Portrush Harbour is lined with seafood restaurants and the fishing boats that supply them.

IT’S SATURDAY MORNING AT ST GEORGE’S and the market in central Belfast is thick with competing aromas: crisping bacon from an Ulster fry, rich coffee and the sweet fragrance of dahlias on a farm stall laden with rhubarb, blackcurrants and a rainbow of fruit juices. Nearby a band plays Here Comes the Sun and, as if on cue, the daylight filtering through the Victorian glass roof intensifies. At an open door behind the seafood traders, a gull waits for scraps. A young fishmonger holds up today’s haul: a gleaming, pinkish-orange slab of salmon. Next to him, Alan Coffey, a moustached old-hand in his yellow fisherman’s wellies, shucks oysters for a buyer who can’t wait until he’s home to try them. ‘We’ve always been spoilt for seafood, with all the loughs and the Irish Sea,’ says Alan, surrounded by evidence of this – heaps of crabs, lobsters, mussels and winkles.

Will Abernethy churns butter in the traditional fashion

Over the three decades that Alan has run a stall, the market has transformed along with the nation. When he started, St George’s predominantly sold fresh produce to the neighbourhood. In 1999 – a year after the Good Friday Agreement signalled peace for Northern Ireland – the market reopened following an extensive restoration, and alongside the butchers, fishmongers and fruit-and-veg sellers sprung vendors selling hot food and artisanal goods. ‘During the Troubles, if there was a bomb in Belfast, no-one came that day,’ recalls Alan. ‘Now people travel 50 miles to the market and make a day of it.’

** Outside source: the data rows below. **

lemma lorentz_pow_eq_layer_integral:
  assumes "\<alpha> \<longlonglongrightarrow> 0" "0 < p"
  shows "lorentz_pow w p \<alpha> = layer_integral w (\<lambda>i. norm (\<alpha> i) powr p)"
proof (rule antisym)
  have null: "null_family (\<lambda>i. norm (\<alpha> i) powr p)"
    using assms by (rule null_family_norm_powr)
  show "lorentz_pow w p \<alpha> \<le> layer_integral w (\<lambda>i. norm (\<alpha> i) powr p)"
    unfolding lorentz_pow_def using null by (intro SUP_least suminf_weight_le_layer_integral) auto
  show "layer_integral w (\<lambda>i. norm (\<alpha> i) powr p) \<le> lorentz_pow w p \<alpha>"
    unfolding lorentz_pow_def
    by (rule order_trans[OF layer_integral_le_suminf_decr_rank[OF null] suminf_decr_rank_le_SUP[OF null]])
qed

lemma suminf_decr_rank_le_lorentz_pow:
  assumes "\<alpha> \<longlonglongrightarrow> 0" "0 < p"
  shows "(\<Sum>i. ennreal (w (Suc (decr_rank (\<lambda>i. norm (\<alpha> i) powr p) i)) * norm (\<alpha> i) powr p))
      \<le> lorentz_pow w p \<alpha>"
  unfolding lorentz_pow_def using null_family_norm_powr[OF assms] by (rule suminf_decr_rank_le_SUP)

lemma layer_integral_mono:
  assumes "\<And>t. 0 < t \<Longrightarrow> card {i. t < g i} \<le> card {j. t < g' j}"
  shows "layer_integral w g \<le> layer_integral w g'"
  unfolding layer_integral_def
proof (rule nn_integral_mono)
  fix t :: real
  show "indicator {0<..} t * ennreal (weight_sum w (card {i. t < g i}))
      \<le> indicator {0<..} t * ennreal (weight_sum w (card {j. t < g' j}))"
    using assms[of t] weight_sum_mono by (cases "0 < t") (auto intro: ennreal_leI)
qed

end

section \<open>The Lorentz space is a Calkin space\<close>

lemma norm_add_powr_le:
  fixes x y :: "'a::real_normed_vector"
  assumes "0 \<le> p"
  shows "norm (x + y) powr p \<le> 2 powr p * norm x powr p + 2 powr p * norm y powr p"
proof -
  have "norm (x + y) \<le> 2 * max (norm x) (norm y)"
    using norm_triangle_ineq[of x y] by linarith
  then have "norm (x + y) powr p \<le> (2 * max (norm x) (norm y)) powr p"
    using assms by (intro powr_mono2) auto
  also have "\<dots> = 2 powr p * max (norm x) (norm y) powr p"
    by (simp add: powr_mult)
  also have "\<dots> \<le> 2 powr p * norm x powr p + 2 powr p * norm y powr p"
    by (cases "norm x \<le> norm y") (auto simp: max_def)
  finally show ?thesis .
qed

context antitone_weight
begin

One of the new wave of stallholders that helped make St George’s a destination is Suki Tea ( From selling a handful of flavours at the market in 2005, including its signature Belfast Brew – a kick-you-out-of-bed strength of cuppa – the boutique blender now exports worldwide. The company also runs a tea academy out of its warehouse located on the Peace Line – a barrier built in 1969 to separate clashing Catholic and Protestant neighbourhoods, now covered in murals and messages. ‘We’ve seen the market blossom. It’s a real springboard for food and drink entrepreneurs,’ says Suki Tea founder Oscar Woolley, as he balances manning the stall and cradling his little boy in his arms.